I’ve talked about the Landmark Trust in England a few times on Pigtown*Design. They take properties in the UK, renovate them and then rent them out. We stayed in a pair of knitter’s cottages one summer in the Cotswold hills. The Landmark Trust is working with Conservatoire du Littoral, the protectorate of the French coastline, to renovate and preserve a number of buildings along the coast, but they’re starting with an inland building, Le Moulin de la Tuilerie in Gif-sur-Yvette, the one time home to the Duke and Duchess of Windsor, also known as The Mill.
Just 35 km from Paris, this was the only house that the Duke and Duchess ever owned, and they lived there from 1952 until the late 1960’s. Most weekends, they would drive from their house in Paris to this little property where the Duke could potter about the garden and create his own little corner of England.
In the book, Windsor Style, by Susie Menkes, an entire chapter is devoted to life at Le Moulin de la Tuilerie.
In the book, she talks about Billy Baldwin’s visit to the house. He had this to say about the taste of his fellow Baltimorean: Most of the mill was awfully tacky but that's what Wallis had – tacky southern taste, much too overdone, much too elaborate and no real charm.

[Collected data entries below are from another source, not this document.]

(* Let $G_1,G_2,\dots$ be i.i.d. $N(0,1)$ random variables and $\{\alpha_{jk}:j,k\ge1\}$ deterministic real numbers such that $\sum_{j,k=1}^{2n}\alpha_{jk}G_jG_k\to Z$ in probability as $n\to\infty$ for some finite random variable $Z$. If $\alpha_{11}\ne0$, then $Z$ has a continuous distribution, i.e. $P(Z=z)=0$ for every $z\in\mathbb R$. *)

theory Defs
  imports "HOL-Probability.Probability"
begin

definition conv_in_prob :: "'a measure \<Rightarrow> (nat \<Rightarrow> 'a \<Rightarrow> real) \<Rightarrow> ('a \<Rightarrow> real) \<Rightarrow> bool" where
  "conv_in_prob M X Z \<longleftrightarrow>
     (\<forall>e>0. (\<lambda>n. measure M {x \<in> space M. e \<le> \<bar>X n x - Z x\<bar>}) \<longlonglongrightarrow> 0)"

end

theory Submission
  imports Defs "HOL-Computational_Algebra.Polynomial"
begin

text \<open>Pass to an almost surely convergent subsequence. With \<open>G\<^sub>2, G\<^sub>3, \<dots>\<close> fixed, every partial
  sum is a quadratic polynomial in \<open>G\<^sub>1\<close> with the same leading coefficient \<open>\<alpha>\<^sub>1\<^sub>1\<close>; convergence
  at two distinct values of \<open>G\<^sub>1\<close> forces the other two coefficients to converge, so
  \<open>Z = \<alpha>\<^sub>1\<^sub>1 G\<^sub>1\<^sup>2 + B G\<^sub>1 + C\<close> with \<open>B, C\<close> functions of \<open>G\<^sub>2, G\<^sub>3, \<dots>\<close> only. Hence every
  level set of \<open>Z\<close> meets each section in at most two values of \<open>G\<^sub>1\<close>, which have probability
  zero because \<open>G\<^sub>1\<close> has a density and is independent of \<open>G\<^sub>2, G\<^sub>3, \<dots>\<close>; Fubini concludes.\<close>

definition quadratic_form :: "(nat \<Rightarrow> nat \<Rightarrow> 'a::comm_ring_1) \<Rightarrow> nat \<Rightarrow> (nat \<Rightarrow> 'a) \<Rightarrow> 'a" where
  "quadratic_form \<alpha> m x = (\<Sum>j=1..m. \<Sum>k=1..m. \<alpha> j k * x j * x k)"

lemma quadratic_form_fun_upd_first:
  assumes "1 \<le> m"
  shows "quadratic_form \<alpha> m (v(1 := g))
       = \<alpha> 1 1 * g^2 + (\<Sum>k=2..m. (\<alpha> 1 k + \<alpha> k 1) * v k) * g
         + (\<Sum>j=2..m. \<Sum>k=2..m. \<alpha> j k * v j * v k)"
proof -
  have split: "(\<Sum>j=1..m. F j) = F 1 + (\<Sum>j=2..m. F j)" for F :: "nat \<Rightarrow> 'a"
    using assms by (simp add: sum.atLeast_Suc_atMost numeral_2_eq_2)
  have upd: "(\<Sum>j=2..m. F j ((v(1 := g)) j)) = (\<Sum>j=2..m. F j (v j))" for F :: "nat \<Rightarrow> 'a \<Rightarrow> 'a"
    by (rule sum.cong) auto
  show ?thesis
    unfolding quadratic_form_def split
    by (simp add: upd sum.distrib sum_distrib_left sum_distrib_right algebra_simps power2_eq_square)
qed
definition dual_optimal ::
  "nat \<Rightarrow> nat set set \<Rightarrow> (nat set \<Rightarrow> real) \<Rightarrow> (nat \<Rightarrow> nat) \<Rightarrow> (nat \<Rightarrow> real) \<Rightarrow> (nat set \<Rightarrow> real) \<Rightarrow> bool" where
  "dual_optimal n E w b y lam \<longleftrightarrow> dual_feasible E w y lam \<and>
     (\<forall>y' lam'. dual_feasible E w y' lam' \<longrightarrow> dual_obj n E b y' lam' \<le> dual_obj n E b y lam)"

text \<open>Alternating path: walk given as a vertex list P = [i_1,...,i_k] (length k-1 = length P - 1).
  List indices are 0-based, so edge r (0-based) is {P!r, P!(r+1)}; 1-based odd edges are r even.\<close>
definition alternating_path :: "nat set set \<Rightarrow> nat set set \<Rightarrow> nat list \<Rightarrow> bool" where
  "alternating_path E M P \<longleftrightarrow>
     (\<forall>r. r + 1 < length P \<longrightarrow> {P ! r, P ! (r + 1)} \<in> E) \<and>
     ((\<forall>r. r + 1 < length P \<longrightarrow> ({P ! r, P ! (r + 1)} \<in> M \<longleftrightarrow> even r)) \<or>
      (\<forall>r. r + 1 < length P \<longrightarrow> ({P ! r, P ! (r + 1)} \<in> M \<longleftrightarrow> odd r))) \<and>
     (\<forall>r. r + 1 < length P \<longrightarrow> P ! r \<noteq> P ! (r + 1)) \<and>
     (\<forall>r. r + 2 < length P \<longrightarrow> P ! r \<noteq> P ! (r + 2))"

end

theory Submission
  imports Defs "HOL-Analysis.Analysis"
begin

The interiors were stripped by the Lebanese millionaire who last owned the property , but one of the few remaining pieces of the Windsor-era interior is a mural which the Duchess had painted. It’s a commentary on how she felt she was treated by the press – especially the UK press.
Or, from Landmark’s description: The Duchess’s jeu d’esprit, created for her by decorator Stéphane Boudin, still presides from the wall of the large first floor living room – ‘I'm not the miller’s daughter, but I have been through the mill.’
Landmark has not attempted to recreate the Windsors’ bright and eclectic furnishings and décor, but has furnished the house with an echo of Englishness and with much to recall their happy times here.